Fox's O'Reilly Attacks Hollywood In Defense Of Broken U.S. Prison System
Written by Brian Powell
Published
In an effort to oppose federal drug sentencing reform, Fox News' Bill O'Reilly attacked a group of Hollywood celebrities by taking them out of context and ignoring the racial realities behind federal incarceration rates.
On the April 10 edition of The O'Reilly Factor, O'Reilly belittled musicians and movie actors Will Smith, Mark Wahlberg, Cameron Diaz, Jamie Foxx, Jim Carrey and others for penning a letter to the White House suggesting President Obama take further steps to alleviate inefficiencies and inequalities in the federal criminal justice system. O'Reilly cherry picked quotes from the letter to misrepresent their message and ignored any discussion of their actual recommendations. Instead, the Fox News host transitioned into a tirade of insults and out-of-context statistics in an attempt to distort the true picture of America's prison structure.

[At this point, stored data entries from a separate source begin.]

lemma mexp_scaleR_entry: "mexp (x *\<^sub>R A) $ i $ j = (\<Sum>n. mexp_coeff A i j n * x ^ n)"
proof -
  have "mexp (x *\<^sub>R A) $ i $ j = (\<Sum>k. ((1 / fact k) *\<^sub>R matpow (x *\<^sub>R A) k) $ i $ j)"
    unfolding mexp_def
    using bounded_linear.suminf[OF bounded_linear_compose[OF bounded_linear_vec_nth
        bounded_linear_vec_nth] summable_mexp]
    by (simp add: o_def)
  then show ?thesis
    by (simp add: matpow_scaleR mexp_coeff_def mult_ac)
qed

lemma mexp_zero: "mexp (0 :: real^'n^'n) = mat 1"
proof -
  have "mexp (0 *\<^sub>R (0 :: real^'n^'n)) $ i $ j = mexp_coeff 0 i j 0" for i j
    by (simp only: mexp_scaleR_entry powser_zero)
  then show ?thesis
    by (simp add: vec_eq_iff mexp_coeff_def mat_def)
qed

lemma mexp_scaleR_entry_has_real_derivative:
  "((\<lambda>x. mexp (x *\<^sub>R A) $ i $ j) has_real_derivative (A ** mexp (x *\<^sub>R A)) $ i $ j) (at x)"
proof -
  have diffs_eq: "diffs (mexp_coeff A i j) n * x ^ n = (\<Sum>l\<in>UNIV. A $ i $ l * (mexp_coeff A l j n * x ^ n))"
    for n
  proof -
    have "diffs (mexp_coeff A i j) n = matpow A (Suc n) $ i $ j / fact n"
      by (simp add: diffs_def mexp_coeff_def field_simps del: of_nat_Suc)
    also have "\<dots> = (\<Sum>l\<in>UNIV. A $ i $ l * mexp_coeff A l j n)"
      by (simp add: mexp_coeff_def matrix_matrix_mult_def sum_divide_distrib)
    finally show ?thesis by (simp add: sum_distrib_left mult_ac)
  qed
  have "(\<Sum>n. diffs (mexp_coeff A i j) n * x ^ n) = (\<Sum>l\<in>UNIV. \<Sum>n. A $ i $ l * (mexp_coeff A l j n * x ^ n))"
    unfolding diffs_eq by (rule suminf_sum) (intro summable_mult summable_mexp_coeff)
  also have "\<dots> = (A ** mexp (x *\<^sub>R A)) $ i $ j"
    by (simp add: suminf_mult summable_mexp_coeff mexp_scaleR_entry matrix_matrix_mult_def)
  finally have "(\<Sum>n. diffs (mexp_coeff A i j) n * x ^ n) = (A ** mexp (x *\<^sub>R A)) $ i $ j" .
  then show ?thesis
    unfolding mexp_scaleR_entry
    by (metis termdiffs_strong_converges_everywhere[OF summable_mexp_coeff])
qed
(* Let $\mathcal{C}\subset\mathbb{R}^n$ be a nonempty compact convex set with Euclidean diameter $D$, let $f$ be continuously differentiable with $\nabla f$ $L$-Lipschitz on $\mathcal{C}$, $f^\star=\min_{\mathcal{C}}f$, and $F_0=f(x^0)-f^\star$. Let $T\in\mathbb{N}$ and let $\{x^t\}_{t=0}^{T}$ be generated by the Boosted Frank–Wolfe algorithm described in the context with $m^t=\nabla f(x^t)$ and constant step decay $\eta_t=\frac1{\sqrt{T+1}}$. Then $$\min_{0\le t\le T}\langle\nabla f(x^t),x^t-s^t\rangle\le\frac{F_0+\frac{LD^2}{2}}{\sqrt{T+1}},$$ where $s^t=\mathrm{lmo}(\nabla f(x^t))$.
   Context: Euclidean norms; $D=\max_{x,y\in\mathcal{C}}\|x-y\|$. $\mathrm{lmo}(v)$ denotes a (fixed selection of a) point of $\arg\min_{s\in\mathcal{C}}\langle s,v\rangle$. $\mathrm{align}(d,\hat d)=\frac{\langle d,\hat d\rangle}{\|d\|\|\hat d\|}$ if $\hat d\ne0$, $-1$ if $\hat d=0$. Algorithm: inputs $K\ge1$, $\delta\in(0,1]$, step decays $\eta_t>0$, a vector $m^{\rm init}$; $x^0=\mathrm{lmo}(m^{\rm init})$. At iteration $t$ a vector $m^t$ is formed. Boosting: $\psi^0=0$, $\Lambda_t=0$, $k=0$; while $k\le K-1$: $r^k=-m^t-\psi^k$, $v^k=\mathrm{lmo}(-r^k)$; if $k=0$, $s^t=v^0$; if $\psi^k\ne0$, $u^k$ is whichever of $v^k-x^t$, $-\psi^k/\|\psi^k\|$ has the larger inner product with $r^k$, else $u^k=v^k-x^t$; if $u^k=0$ stop; $\lambda_k=\langle r^k,u^k\rangle/\|u^k\|^2$, $\phi^k=\psi^k+\lambda_ku^k$; if $\mathrm{align}(-m^t,\phi^k)-\mathrm{align}(-m^t,\psi^k)\ge\delta$ then $\psi^{k+1}=\phi^k$, $\Lambda_t\leftarrow\Lambda_t+\lambda_k$ if $u^k=v^k-x^t$ and $\Lambda_t\leftarrow\Lambda_t(1-\lambda_k/\|\psi^k\|)$ otherwise, $k\leftarrow k+1$; else stop. With $\psi$ the last accepted candidate, $\tilde d^t=\psi/\Lambda_t$ if $\Lambda_t\ne0$, else $0$. $\gamma_t=\min\{\eta_t\|s^t-x^t\|/\|\tilde d^t\|,1\}$ if $\tilde d^t\ne0$, else $1$. If $\gamma_t<1$: $x^{t+1}=x^t+\gamma_t\tilde d^t$; otherwise $x^{t+1}=x^t+\eta_t(s^t-x^t)$. *)

theory Defs
  imports "HOL-Analysis.Analysis"
begin

definition align :: "'a::real_inner \<Rightarrow> 'a \<Rightarrow> real" where
  "align d dh = (if dh = 0 then -1 else inner d dh / (norm d * norm dh))"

O'Reilly devoted much of the segment to disparaging guest Bob Beckel and to the semantic task of crafting his own definition of “violent crime” - a definition federal criminal law does not recognize. He completely ignored the celebrities' substantive recommendations for prison and sentencing reform and avoided a balanced discussion of federal penal policy.
Wahlberg and company pointed to racial inequalities in drug sentencing that persist despite the Fair Sentencing Act of 2010 (FSA). The American Civil Liberties Union (ACLU) agreed in November 2012 that more had to be done, writing that despite the passage of the FSA, “selling a small quantity of crack cocaine (28 grams) carries the same mandatory minimum sentence - five years - as selling 500 grams of powder cocaine.” From a racial justice standpoint, this matters because crack cocaine is disproportionately found in African-American communities, while powder cocaine turns up more frequently in white communities. O'Reilly ignored the problem altogether.
The celebrity letter to President Obama also raised concerns about severe mandatory sentencing laws and suggested the president get behind the bipartisan Justice Safety Valve Act of 2013, which would provide federal judges with more sentencing discretion in appropriate circumstances. Personalities across the political spectrum, from Grover Norquist to Democratic Sen. Patrick Leahy (VT), support the legislation.
Mandatory sentencing provisions have been widely criticized by judges, the media, and even the United States Sentencing Commission, which published a 2011 report finding that mandatory minimum sentences are often “excessively severe” and not “narrowly tailored to apply only to those offenders who warrant such punishment,” especially for drug offenders.
An intellectually honest conversation about the U.S. prison system would have revealed that it's almost universally perceived to be broken. But O'Reilly's segment ignored the concept of severe sentencing, asking instead, “Who's in the prisons? Terrible people, that's who.”